Work task: Give the number of lines in these entries that contain "finally", and nothing more.

Record excerpts:
lemma dyadic_increment_distributed:
  assumes "brownian_law W" and T: "T > 0"
  shows "distributed W lborel (dyadic_increment T n j)
           (\<lambda>x. ennreal (normal_density 0 (sqrt (T / 2 ^ n)) x))"
proof -
  define t where "t i = dyadic_point T n (j + i)" for i
  have "0 \<le> t 0 \<and> (\<forall>i<1. t i < t (Suc i))"
    using T by (simp add: t_def dyadic_point_def field_simps)
  with assms(1) have "distributed W lborel (\<lambda>w. w (t (Suc 0)) - w (t 0))
      (\<lambda>x. ennreal (normal_density 0 (sqrt (t (Suc 0) - t 0)) x))"
    unfolding brownian_law_def by blast
  moreover have "t (Suc 0) - t 0 = T / 2 ^ n"
    by (simp add: t_def dyadic_point_def field_simps)
  ultimately show ?thesis
    by (simp add: t_def dyadic_increment_def[abs_def])
qed

lemma nn_integral_level_majorant:
  assumes BL: "brownian_law W" and T: "T > 0"
  shows "(\<integral>\<^sup>+w. level_majorant T n w \<partial>W) = ennreal ((4/5) ^ n + 3 * T\<^sup>2 * (125/128) ^ n)"
proof -
  interpret W: prob_space W using BL by (simp add: brownian_law_def)
  have sets_W: "sets W = sets (PiM UNIV (\<lambda>_::real. borel))"
    using BL by (simp add: brownian_law_def)
  have [measurable]: "dyadic_increment T n j \<in> borel_measurable W" for j
    by (simp add: measurable_cong_sets[OF sets_W refl])
  have moment: "(\<integral>\<^sup>+w. ennreal (dyadic_increment T n j w ^ 4) \<partial>W) = ennreal (3 * (T / 2 ^ n)\<^sup>2)" for j
  proof -
    have "sqrt (T / 2 ^ n) ^ 4 = (sqrt (T / 2 ^ n) ^ 2)\<^sup>2"
      by (simp flip: power_mult)
    also have "\<dots> = (T / 2 ^ n)\<^sup>2"
      using T by simp
    finally show ?thesis
      using nn_integral_normal_power4[OF dyadic_increment_distributed[OF BL T]] T by simp
  qed
  have "(\<integral>\<^sup>+w. level_majorant T n w \<partial>W)
      = ennreal ((4/5) ^ n) + ennreal ((125/64) ^ n) * (\<Sum>j<(2::nat)^n. ennreal (3 * (T / 2 ^ n)\<^sup>2))"
    unfolding level_majorant_def
    by (simp add: nn_integral_add nn_integral_cmult nn_integral_sum moment W.emeasure_space_1
        del: sum_ennreal)
  also have "\<dots> = ennreal ((4/5) ^ n + (125/64) ^ n * (2 ^ n * (3 * (T / 2 ^ n)\<^sup>2)))"
    by (simp add: ennreal_of_nat_eq_real_of_nat ennreal_mult[symmetric] ennreal_plus[symmetric]
        del: ennreal_plus)
  also have "(125/64) ^ n * (2 ^ n * (3 * (T / 2 ^ n)\<^sup>2)) = 3 * T\<^sup>2 * (125/128 :: real) ^ n"
  proof -
    have "(125/128 :: real) ^ n = (125/64) ^ n / 2 ^ n"
      by (simp flip: power_divide)
    then show ?thesis
      by (simp add: power2_eq_square)
  qed
  finally show ?thesis .
qed

lemma nn_integral_sup_majorant_finite:
  assumes BL: "brownian_law W" and T: "T > 0"
  shows "(\<integral>\<^sup>+w. sup_majorant T w \<partial>W) < \<infinity>"
proof -
  have sets_W: "sets W = sets (PiM UNIV (\<lambda>_::real. borel))"
    using BL by (simp add: brownian_law_def)
  have [measurable]: "level_majorant T n \<in> borel_measurable W" "(\<lambda>w. w 0) \<in> borel_measurable W" for n
    by (simp_all add: measurable_cong_sets[OF sets_W refl])
  define a where "a n = (4/5) ^ n + 3 * T\<^sup>2 * (125/128 :: real) ^ n" for n
  have "summable a"
    unfolding a_def by (intro summable_add summable_mult summable_geometric) auto
  moreover have "a n \<ge> 0" for n
    by (simp add: a_def)
  ultimately have sum_finite: "(\<Sum>n. ennreal (a n)) \<noteq> \<top>"
    by (rule ennreal_suminf_neq_top)
  have "(\<integral>\<^sup>+w. sup_majorant T w \<partial>W)
      = (\<integral>\<^sup>+w. ennreal \<bar>w 0\<bar> \<partial>W) + (\<Sum>n. \<integral>\<^sup>+w. level_majorant T n w \<partial>W)"
    unfolding sup_majorant_def by (simp add: nn_integral_add nn_integral_suminf)
  also have "(\<integral>\<^sup>+w. ennreal \<bar>w 0\<bar> \<partial>W) = 0"
    using BL by (simp add: brownian_law_def nn_integral_0_iff_AE)
  also have "(\<Sum>n. \<integral>\<^sup>+w. level_majorant T n w \<partial>W) = (\<Sum>n. ennreal (a n))"
    by (simp add: nn_integral_level_majorant[OF BL T] a_def)
  finally show ?thesis
    using sum_finite by (simp add: less_top)
qed

section \<open>Poisson point processes\<close>

text \<open>Only the counts card (\<Phi> \<omega> \<inter> A) are known to be measurable, so an event is phrased through
  them; it agrees with \<Phi> \<omega> \<inter> A \<noteq> {} whenever the count is finite (card of an infinite set is 0).\<close>

definition hit_event :: "'w measure \<Rightarrow> ('w \<Rightarrow> 's set) \<Rightarrow> 's set \<Rightarrow> 'w set" where
  "hit_event M \<Phi> A = {\<omega> \<in> space M. card (\<Phi> \<omega> \<inter> A) \<noteq> 0}"

context
  fixes M :: "'w measure" and S \<mu> :: "'s measure" and \<Phi> :: "'w \<Rightarrow> 's set"
  assumes ppp: "poisson_point_process M S \<mu> \<Phi>"
begin

interpretation prob_space M
  using ppp by (simp add: poisson_point_process_def)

Answer to this exercise: 3